Especially with rumblings about more lock-downs and the specter of another round of widespread school closures looming in the coming weeks.

Teacher’s unions are demanding all K-12 students be masked all day in classrooms this fall, in any case. The same powerful teacher’s unions pressured the CDC to issue such a diktat, which the CDC has now done.

The teacher’s unions are also, and this isn’t something likely to sit well with already angry parents, so far refusing to require teachers to get the vaccine.

If teachers were vaccinated, many parents- Democrats and Republicans- are wondering, couldn’t children have a near-normal school year this fall? Though vaccination doesn’t completely protect from COVID-19 infection, the rate of hospitalization and death for vaccinated individuals appears to be very small.

School closings, some of which coincided with badly-timed social justice efforts to rename public schools, coupled with the continued insistence on masking, aren’t the only things driving angry parents to school board elections en masse.

Critical Race Theory.

Some on the left say CRT is nothing but the latest boogeyman concocted by right-wing media outlets. Some on the left say it’s gospel. It is almost universally panned on the right. Some Republicans, in increasing numbers, do in fact support any number of what progressives consider social justice initiatives- consider Sen. Tim Scott’s recent criminal justice reform bill.

Most Republicans agree wholeheartedly, however; CRT isn’t it.

As far as teacher’s unions, public schools and CRT, to say that messaging has been somewhat mixed is putting it mildly. Randi Weingarten, Teacher’s Union President, has alternately denied public school teachers are teaching CRT and dared elected officials to stop them.

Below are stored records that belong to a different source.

(* Let $M^\star\in\mathbb{R}^{n\times n}$ with $M^\star\succeq0$ and $r^\star=\operatorname{rank}(M^\star)\ge1$, and suppose $X\in\mathbb{R}^{n\times r}$ satisfies $0<\|XX^T-M^\star\|_F\le\rho\,\lambda_{r^\star}(M^\star)$ with $\rho\le1/\sqrt2$. Define the incidence angle $\theta\in[0,\pi/2]$ by \[ \cos\theta=\max_{Y\in\mathbb{R}^{n\times r}}\frac{\langle XX^T-M^\star,XY^T+YX^T\rangle}{\|XX^T-M^\star\|_F\,\|XY^T+YX^T\|_F}. \] Then \[ \sin\theta=\frac{\|(I-XX^\dagger)M^\star(I-XX^\dagger)\|_F}{\|XX^T-M^\star\|_F}\le\frac1{\sqrt2}\frac{\rho}{\sqrt{1-\rho^2}}, \] where $\dagger$ denotes the Moore–Penrose pseudoinverse.
   Context: Eigenvalues are ordered decreasingly, so $\lambda_{r^\star}(M^\star)$ is the smallest nonzero eigenvalue of $M^\star$. $\langle A,B\rangle=\operatorname{tr}(A^TB)$. The maximum is over $Y$ with $XY^T+YX^T\ne0$. *)

theory Defs
  imports "HOL-Analysis.Analysis"
begin

definition frob_inner :: "real^'c^'r \<Rightarrow> real^'c^'r \<Rightarrow> real" where
  "frob_inner A B = (\<Sum>i\<in>UNIV. \<Sum>j\<in>UNIV. A$i$j * B$i$j)"

definition frob_norm :: "real^'c^'r \<Rightarrow> real" where
  "frob_norm A = sqrt (frob_inner A A)"

definition psd :: "real^'n^'n \<Rightarrow> bool" where
  "psd M \<longleftrightarrow> transpose M = M \<and> (\<forall>x. x \<bullet> (M *v x) \<ge> 0)"

text \<open>Eigenvalues of a square matrix, and the smallest nonzero eigenvalue
  (for a PSD matrix of rank r this is lambda_r with eigenvalues ordered decreasingly).\<close>
definition eigenvalues :: "real^'n^'n \<Rightarrow> real set" where
  "eigenvalues M = {l. \<exists>v. v \<noteq> 0 \<and> M *v v = l *\<^sub>R v}"

definition min_nonzero_eigenvalue :: "real^'n^'n \<Rightarrow> real" where
  "min_nonzero_eigenvalue M = Min (eigenvalues M - {0})"

definition is_pinv :: "real^'c^'r \<Rightarrow> real^'r^'c \<Rightarrow> bool" where
  "is_pinv A Z \<longleftrightarrow> A ** Z ** A = A \<and> Z ** A ** Z = Z \<and>
     transpose (A ** Z) = A ** Z \<and> transpose (Z ** A) = Z ** A"

definition pinv :: "real^'c^'r \<Rightarrow> real^'r^'c" where
  "pinv A = (THE Z. is_pinv A Z)"

end

(*
  Write E = X X^T - M*, let P = X X^+ be the orthogonal projection onto the column space
  of X and Q = I - P.  Every tangent direction S = X Y^T + Y X^T satisfies Q S Q = 0,
  while E - Q E Q = P E + E P - P E P is itself tangent; hence the maximal cosine is
  attained at S = E - Q E Q, cos theta = |E - Q E Q| / |E| and, by Pythagoras,
  sin theta = |Q E Q| / |E| = |Q M* Q| / |E| because Q X = 0.

  For the bound put c = |Q M* Q|, b = |P M* Q| and d = |E|.  The blocks of E give
  2 b^2 + c^2 <= d^2.  On the other hand lambda_r* (Q M* Q) <= Q M*^2 Q = B^T B + C^2
  (C = Q M* Q, B = P M* Q) in the Loewner order, and pairing with the PSD matrix C gives
  lambda c^2 <= c b^2 + c^3.  Together with d <= rho lambda this yields
  2 t <= rho (1 + t^2) for t = c / d <= 1, so t lies below the smaller root
  rho / (1 + sqrt (1 - rho^2)) <= rho / (sqrt 2 sqrt (1 - rho^2)).
*)
theory Submission
  imports Defs
begin

section \<open>Frobenius inner product of matrices\<close>

lemma frob_inner_eq_inner: "frob_inner A B = inner A B"
  by (simp add: frob_inner_def inner_vec_def)

lemma frob_norm_eq_norm: "frob_norm A = norm A"
  by (simp add: frob_norm_def frob_inner_eq_inner norm_eq_sqrt_inner)

lemma matrix_mul_add_rdistrib: "((A::real^'b^'a) + B) ** (C::real^'c^'b) = A ** C + B ** C"
  by (vector matrix_matrix_mult_def sum.distrib distrib_right)

lemma matrix_mul_diff_rdistrib: "((A::real^'b^'a) - B) ** (C::real^'c^'b) = A ** C - B ** C"
  by (vector matrix_matrix_mult_def sum_subtractf left_diff_distrib)

lemma matrix_mul_diff_ldistrib: "(A::real^'b^'a) ** ((B::real^'c^'b) - C) = A ** B - A ** C"
  by (vector matrix_matrix_mult_def sum_subtractf right_diff_distrib)

lemma transpose_diff: "transpose ((A::real^'b^'a) - B) = transpose A - transpose B"
  by (vector transpose_def)

lemma transpose_zero: "transpose (0::real^'b^'a) = 0"
  by (vector transpose_def)

lemma inner_matrix_vector_transpose: "inner x ((A::real^'b^'a) *v y) = inner (transpose A *v x) y"
  by (simp add: dot_lmul_matrix)

lemma inner_transpose: "inner (transpose (A::real^'b^'a)) (transpose B) = inner A B"
  by (simp add: inner_vec_def transpose_def) (subst sum.swap, simp)

lemma norm_transpose: "norm (transpose (A::real^'b^'a)) = norm A"
  by (simp add: norm_eq_sqrt_inner inner_transpose)

lemma inner_matrix_mul_left:
  "inner ((A::real^'b^'a) ** (B::real^'c^'b)) C = inner B (transpose A ** C)"
proof -
  have "inner (A ** B) C = (\<Sum>i\<in>UNIV. \<Sum>j\<in>UNIV. \<Sum>k\<in>UNIV. A$i$k * B$k$j * C$i$j)"
    by (simp add: inner_vec_def matrix_matrix_mult_def sum_distrib_right)
  also have "\<dots> = (\<Sum>k\<in>UNIV. \<Sum>j\<in>UNIV. \<Sum>i\<in>UNIV. A$i$k * B$k$j * C$i$j)"
    by (subst sum.swap) (subst (2) sum.swap, subst sum.swap, rule refl)
  also have "\<dots> = inner B (transpose A ** C)"
    by (simp add: inner_vec_def matrix_matrix_mult_def transpose_def sum_distrib_left mult_ac)
  finally show ?thesis .
qed

lemma inner_matrix_mul_right:
  "inner ((A::real^'b^'a) ** (B::real^'c^'b)) C = inner A (C ** transpose B)"
proof -
  have "inner (A ** B) C = inner (transpose B ** transpose A) (transpose C)"
    by (simp only: inner_transpose[symmetric, of "A ** B"] matrix_transpose_mul)
  also have "\<dots> = inner (transpose A) (transpose (C ** transpose B))"
    by (simp only: inner_matrix_mul_left matrix_transpose_mul transpose_transpose)
  finally show ?thesis
    by (simp only: inner_transpose)
qed

lemma inner_matrix_sandwich:
  "inner ((U::real^'b^'a) ** (A::real^'c^'b) ** (V::real^'d^'c)) B
     = inner A (transpose U ** B ** transpose V)"
  by (simp only: inner_matrix_mul_right[of "U ** A" V B] inner_matrix_mul_left[of U A]
      matrix_mul_assoc)

lemma inner_sandwich_eq_0:
  fixes U :: "real^'b^'a" and V :: "real^'d^'c" and U' :: "real^'e^'a" and V' :: "real^'d^'f"
  assumes "transpose U ** U' = 0 \<or> V' ** transpose V = 0"
  shows "inner (U ** A ** V) (U' ** B ** V') = 0"
  using assms unfolding inner_matrix_sandwich
  by (auto simp: matrix_mul_assoc) (simp flip: matrix_mul_assoc)

lemma symmetric_if_self_adjoint:
  assumes "\<And>x y. inner x ((A::real^'a^'a) *v y) = inner (A *v x) y"
  shows "transpose A = A"
proof -
  have "transpose A *v x = A *v x" for x
  proof -
    have "inner (transpose A *v x) y = inner (A *v x) y" for y
      using assms[of x y] inner_matrix_vector_transpose[of x A y] by simp
    then show ?thesis using vector_eq_rdot by blast
  qed
  then show ?thesis by (simp add: matrix_eq)
qed

lemma transpose_mult_eq_0:
  fixes Q :: "real^'n^'n" and X :: "real^'r^'n"
  assumes "Q ** X = 0" "transpose Q = Q"
  shows "transpose X ** Q = 0"
proof -
  have "transpose X ** Q = transpose (Q ** X)"
    by (simp add: matrix_transpose_mul assms(2))
  then show ?thesis
    by (simp add: assms(1) transpose_zero)
qed

lemma matrix_mul_transpose_self_eq_0: "(X::real^'c^'r) ** transpose X = 0 \<longleftrightarrow> X = 0"
proof
  assume XX: "X ** transpose X = 0"
  have "X *v (transpose X *v v) = 0" for v
    using XX by (simp only: matrix_vector_mul_assoc matrix_vector_mult_0)
  then have "(transpose X *v v) \<bullet> (transpose X *v v) = 0" for v
    using inner_matrix_vector_transpose[of v X "transpose X *v v"] by simp
  then have "transpose X *v v = 0" for v
    by simp
  then have "transpose X = 0"
    by (simp add: matrix_eq)
  then show "X = 0"
    by (metis transpose_transpose transpose_zero)
qed (simp add: transpose_zero)

lemma subspace_range_matrix_vector_mult: "subspace (range (\<lambda>x. (A::real^'b^'a) *v x))"
  by (rule real_vector.linear_subspace_image[OF matrix_vector_mul_linear real_vector.subspace_UNIV])

lemma norm_matrix_vector_mult_le: "norm ((A::real^'b^'a) *v x) \<le> norm A * norm x"
proof -
  have "(norm (A *v x))^2 = (\<Sum>i\<in>UNIV. (inner (A$i) x)^2)"
    unfolding power2_norm_eq_inner inner_vec_def[of "A *v x"] matrix_vector_mul_component
    by (simp add: power2_eq_square)
  also have "\<dots> \<le> (\<Sum>i\<in>UNIV. (norm (A$i))^2 * (norm x)^2)"
  proof (rule sum_mono)
    fix i
    have "\<bar>inner (A$i) x\<bar>^2 \<le> (norm (A$i) * norm x)^2"
      by (rule power_mono[OF Cauchy_Schwarz_ineq2]) simp
    then show "(inner (A$i) x)^2 \<le> (norm (A$i))^2 * (norm x)^2"
      by (simp add: power_mult_distrib)
  qed
  also have "\<dots> = (norm A * norm x)^2"
    by (simp add: power_mult_distrib sum_distrib_right power2_norm_eq_inner inner_vec_def)
  finally show ?thesis
    by (simp add: power2_le_iff_abs_le)
qed

lemma norm_matrix_mul_le: "norm ((A::real^'b^'a) ** (B::real^'c^'b)) \<le> norm A * norm B"
proof -
  have row: "(A ** B)$i = transpose B *v (A$i)" for i
    by (simp add: vec_eq_iff matrix_matrix_mult_def matrix_vector_mult_def transpose_def mult_ac)
  have "(norm (A ** B))^2 = (\<Sum>i\<in>UNIV. (norm ((A ** B)$i))^2)"
    by (simp add: power2_norm_eq_inner inner_vec_def)
  also have "\<dots> \<le> (\<Sum>i\<in>UNIV. (norm (A$i))^2 * (norm B)^2)"
  proof (rule sum_mono)
    fix i
    have "norm ((A ** B)$i) \<le> norm B * norm (A$i)"
      unfolding row using norm_matrix_vector_mult_le[of "transpose B" "A$i"] norm_transpose[of B]
      by simp
    then have "(norm ((A ** B)$i))^2 \<le> (norm B * norm (A$i))^2"
      by (rule power_mono) simp
    then show "(norm ((A ** B)$i))^2 \<le> (norm (A$i))^2 * (norm B)^2"
      by (simp add: power_mult_distrib mult.commute)
  qed
  also have "\<dots> = (norm A * norm B)^2"
    by (simp add: power_mult_distrib sum_distrib_right power2_norm_eq_inner inner_vec_def)
  finally show ?thesis
    by (simp add: power2_le_iff_abs_le)
qed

Efforts to teach CRT under the auspices of calling it something else, or attempting to hide it entirely, haven’t gone unnoticed by parents. Because of so much at-home learning last year, parents are aware of school curriculums in a way they haven’t been before. Lessons haven’t been happening in a classroom across town, but across the hall where parents working from home could hear every word.

To an increasing number of parents, from extremely diverse backgrounds, the ham-handed efforts of public school teachers to introduce anti-racist education has looked incredibly racist and included language some have found extremely offensive, divisive and even dangerous.

Nor does introducing such an untested curriculum have a clear mandate from the public; polls, which almost all skew left, consistently find the types of tenets espoused by CRT are not supported by a majority of voters- even Democrats.

What the result of these local races will be, it is too early to tell. What we can know this early, however, is that scores of dedicated parents are coming for their local school board leaders at the ballot box.

And it’s much too late to katy bar the door.